►
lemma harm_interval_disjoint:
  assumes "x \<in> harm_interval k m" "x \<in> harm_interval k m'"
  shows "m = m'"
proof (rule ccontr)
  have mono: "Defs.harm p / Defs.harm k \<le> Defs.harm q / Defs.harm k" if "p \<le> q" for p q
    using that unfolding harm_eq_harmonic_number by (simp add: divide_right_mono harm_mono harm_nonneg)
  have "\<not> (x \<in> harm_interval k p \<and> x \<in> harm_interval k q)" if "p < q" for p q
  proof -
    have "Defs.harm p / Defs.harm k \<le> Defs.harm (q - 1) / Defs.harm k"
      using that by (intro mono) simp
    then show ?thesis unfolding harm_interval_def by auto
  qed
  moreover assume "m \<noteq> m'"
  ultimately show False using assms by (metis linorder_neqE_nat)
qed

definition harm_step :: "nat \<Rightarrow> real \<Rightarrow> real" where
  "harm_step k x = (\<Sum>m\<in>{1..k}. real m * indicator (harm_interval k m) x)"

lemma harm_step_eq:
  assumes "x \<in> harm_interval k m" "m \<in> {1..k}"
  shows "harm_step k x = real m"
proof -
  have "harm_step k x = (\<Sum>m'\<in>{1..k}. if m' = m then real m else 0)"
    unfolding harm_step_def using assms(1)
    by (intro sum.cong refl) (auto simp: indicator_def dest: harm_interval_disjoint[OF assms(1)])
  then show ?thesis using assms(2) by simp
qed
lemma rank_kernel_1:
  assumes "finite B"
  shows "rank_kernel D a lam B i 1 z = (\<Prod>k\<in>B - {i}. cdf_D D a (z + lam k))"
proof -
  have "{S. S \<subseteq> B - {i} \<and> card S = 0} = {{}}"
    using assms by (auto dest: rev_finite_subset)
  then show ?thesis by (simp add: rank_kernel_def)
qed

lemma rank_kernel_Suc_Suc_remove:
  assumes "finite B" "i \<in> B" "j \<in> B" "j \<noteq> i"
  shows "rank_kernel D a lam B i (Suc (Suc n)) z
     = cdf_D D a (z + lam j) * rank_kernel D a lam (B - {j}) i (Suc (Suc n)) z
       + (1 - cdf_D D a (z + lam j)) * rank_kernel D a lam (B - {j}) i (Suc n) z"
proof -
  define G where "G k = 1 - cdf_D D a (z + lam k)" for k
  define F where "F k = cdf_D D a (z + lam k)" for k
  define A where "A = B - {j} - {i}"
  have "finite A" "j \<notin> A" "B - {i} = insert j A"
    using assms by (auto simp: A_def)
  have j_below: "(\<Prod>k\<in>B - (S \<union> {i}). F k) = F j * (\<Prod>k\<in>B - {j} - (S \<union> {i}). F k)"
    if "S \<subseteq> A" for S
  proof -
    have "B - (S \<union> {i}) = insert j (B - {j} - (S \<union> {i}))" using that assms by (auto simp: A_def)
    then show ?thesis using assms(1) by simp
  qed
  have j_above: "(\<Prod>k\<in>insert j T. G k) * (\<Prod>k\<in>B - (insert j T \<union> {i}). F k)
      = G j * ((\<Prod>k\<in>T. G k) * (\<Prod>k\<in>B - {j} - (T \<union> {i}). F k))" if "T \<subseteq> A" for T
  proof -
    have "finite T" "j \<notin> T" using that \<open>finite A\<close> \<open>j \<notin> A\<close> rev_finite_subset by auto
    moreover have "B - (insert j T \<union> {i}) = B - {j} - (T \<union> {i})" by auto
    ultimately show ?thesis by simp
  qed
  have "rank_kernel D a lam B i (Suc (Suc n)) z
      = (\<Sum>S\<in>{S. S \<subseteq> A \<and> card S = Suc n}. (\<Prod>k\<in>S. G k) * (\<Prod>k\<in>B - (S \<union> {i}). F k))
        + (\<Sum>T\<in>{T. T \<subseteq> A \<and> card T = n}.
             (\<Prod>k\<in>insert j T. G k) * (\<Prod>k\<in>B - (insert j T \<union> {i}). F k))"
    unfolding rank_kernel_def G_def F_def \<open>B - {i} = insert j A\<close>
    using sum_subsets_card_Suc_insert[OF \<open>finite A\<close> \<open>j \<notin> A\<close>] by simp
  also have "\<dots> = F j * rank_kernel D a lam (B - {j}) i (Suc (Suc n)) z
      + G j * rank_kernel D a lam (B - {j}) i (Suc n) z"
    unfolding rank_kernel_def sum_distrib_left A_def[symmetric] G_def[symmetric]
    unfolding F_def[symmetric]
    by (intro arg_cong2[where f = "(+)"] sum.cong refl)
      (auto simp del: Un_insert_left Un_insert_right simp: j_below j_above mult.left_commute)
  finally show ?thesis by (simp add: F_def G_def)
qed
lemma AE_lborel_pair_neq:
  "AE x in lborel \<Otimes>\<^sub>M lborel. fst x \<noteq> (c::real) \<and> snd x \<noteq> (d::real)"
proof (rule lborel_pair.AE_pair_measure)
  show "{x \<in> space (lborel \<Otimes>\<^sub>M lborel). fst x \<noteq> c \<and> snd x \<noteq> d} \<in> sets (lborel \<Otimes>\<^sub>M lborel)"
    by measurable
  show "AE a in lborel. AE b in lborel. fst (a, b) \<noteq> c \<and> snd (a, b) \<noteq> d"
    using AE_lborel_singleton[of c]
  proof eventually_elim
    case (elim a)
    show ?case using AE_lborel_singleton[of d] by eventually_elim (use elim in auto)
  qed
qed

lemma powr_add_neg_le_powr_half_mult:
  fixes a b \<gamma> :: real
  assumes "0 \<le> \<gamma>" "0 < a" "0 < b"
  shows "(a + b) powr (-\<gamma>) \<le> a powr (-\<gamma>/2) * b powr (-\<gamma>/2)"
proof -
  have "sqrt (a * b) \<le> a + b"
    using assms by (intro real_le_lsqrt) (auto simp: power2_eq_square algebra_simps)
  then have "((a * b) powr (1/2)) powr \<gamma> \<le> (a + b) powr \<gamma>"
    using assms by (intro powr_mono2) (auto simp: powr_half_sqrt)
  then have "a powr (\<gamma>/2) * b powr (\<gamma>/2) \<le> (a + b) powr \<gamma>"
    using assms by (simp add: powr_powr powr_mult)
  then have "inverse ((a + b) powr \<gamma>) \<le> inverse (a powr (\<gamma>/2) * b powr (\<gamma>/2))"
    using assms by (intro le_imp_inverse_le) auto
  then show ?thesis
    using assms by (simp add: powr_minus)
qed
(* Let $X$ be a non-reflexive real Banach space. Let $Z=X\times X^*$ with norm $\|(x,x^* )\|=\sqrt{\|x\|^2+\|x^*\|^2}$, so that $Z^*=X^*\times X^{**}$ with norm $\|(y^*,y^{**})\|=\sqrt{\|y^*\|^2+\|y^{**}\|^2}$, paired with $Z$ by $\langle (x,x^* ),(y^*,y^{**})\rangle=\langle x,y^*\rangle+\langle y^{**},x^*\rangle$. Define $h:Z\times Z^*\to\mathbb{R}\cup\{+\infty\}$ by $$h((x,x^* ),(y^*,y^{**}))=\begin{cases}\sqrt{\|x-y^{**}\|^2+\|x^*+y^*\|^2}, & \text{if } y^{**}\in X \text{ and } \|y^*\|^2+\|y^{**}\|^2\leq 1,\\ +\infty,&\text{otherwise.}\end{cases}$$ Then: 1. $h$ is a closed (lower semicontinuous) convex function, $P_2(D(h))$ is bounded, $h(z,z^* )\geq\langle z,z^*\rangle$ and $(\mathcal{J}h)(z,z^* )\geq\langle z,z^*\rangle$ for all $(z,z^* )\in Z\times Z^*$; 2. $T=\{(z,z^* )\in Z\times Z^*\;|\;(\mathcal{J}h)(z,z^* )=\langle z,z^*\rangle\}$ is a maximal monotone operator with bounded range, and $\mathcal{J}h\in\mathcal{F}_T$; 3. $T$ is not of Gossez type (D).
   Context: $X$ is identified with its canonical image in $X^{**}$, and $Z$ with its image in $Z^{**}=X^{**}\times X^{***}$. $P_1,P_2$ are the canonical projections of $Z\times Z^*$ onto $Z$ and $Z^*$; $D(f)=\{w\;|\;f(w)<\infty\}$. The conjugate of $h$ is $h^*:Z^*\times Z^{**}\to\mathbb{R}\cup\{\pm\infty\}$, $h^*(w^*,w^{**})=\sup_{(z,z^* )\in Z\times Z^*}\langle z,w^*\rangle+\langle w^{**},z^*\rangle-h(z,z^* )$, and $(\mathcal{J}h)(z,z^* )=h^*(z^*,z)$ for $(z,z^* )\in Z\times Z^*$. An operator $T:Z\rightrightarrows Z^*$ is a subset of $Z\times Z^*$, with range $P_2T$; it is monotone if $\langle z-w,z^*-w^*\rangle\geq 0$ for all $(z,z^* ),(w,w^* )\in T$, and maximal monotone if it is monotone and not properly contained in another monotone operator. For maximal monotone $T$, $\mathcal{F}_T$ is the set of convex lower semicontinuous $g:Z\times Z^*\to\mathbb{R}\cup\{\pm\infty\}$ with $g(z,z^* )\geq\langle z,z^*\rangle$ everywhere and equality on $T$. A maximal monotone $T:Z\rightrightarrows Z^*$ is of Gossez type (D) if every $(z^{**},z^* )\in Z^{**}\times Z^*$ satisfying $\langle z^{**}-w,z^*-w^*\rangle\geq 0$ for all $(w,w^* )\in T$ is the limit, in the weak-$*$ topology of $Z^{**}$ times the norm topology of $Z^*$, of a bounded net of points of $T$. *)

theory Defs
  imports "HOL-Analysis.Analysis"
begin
◄
_Work required_
Go through the material above and copy each line that holds the string "intro".

_Task answer_
      using that by (intro mono) simp
    by (intro sum.cong refl) (auto simp: indicator_def dest: harm_interval_disjoint[OF assms(1)])
    by (intro arg_cong2[where f = "(+)"] sum.cong refl)
    using assms by (intro real_le_lsqrt) (auto simp: power2_eq_square algebra_simps)
    using assms by (intro powr_mono2) (auto simp: powr_half_sqrt)
    using assms by (intro le_imp_inverse_le) auto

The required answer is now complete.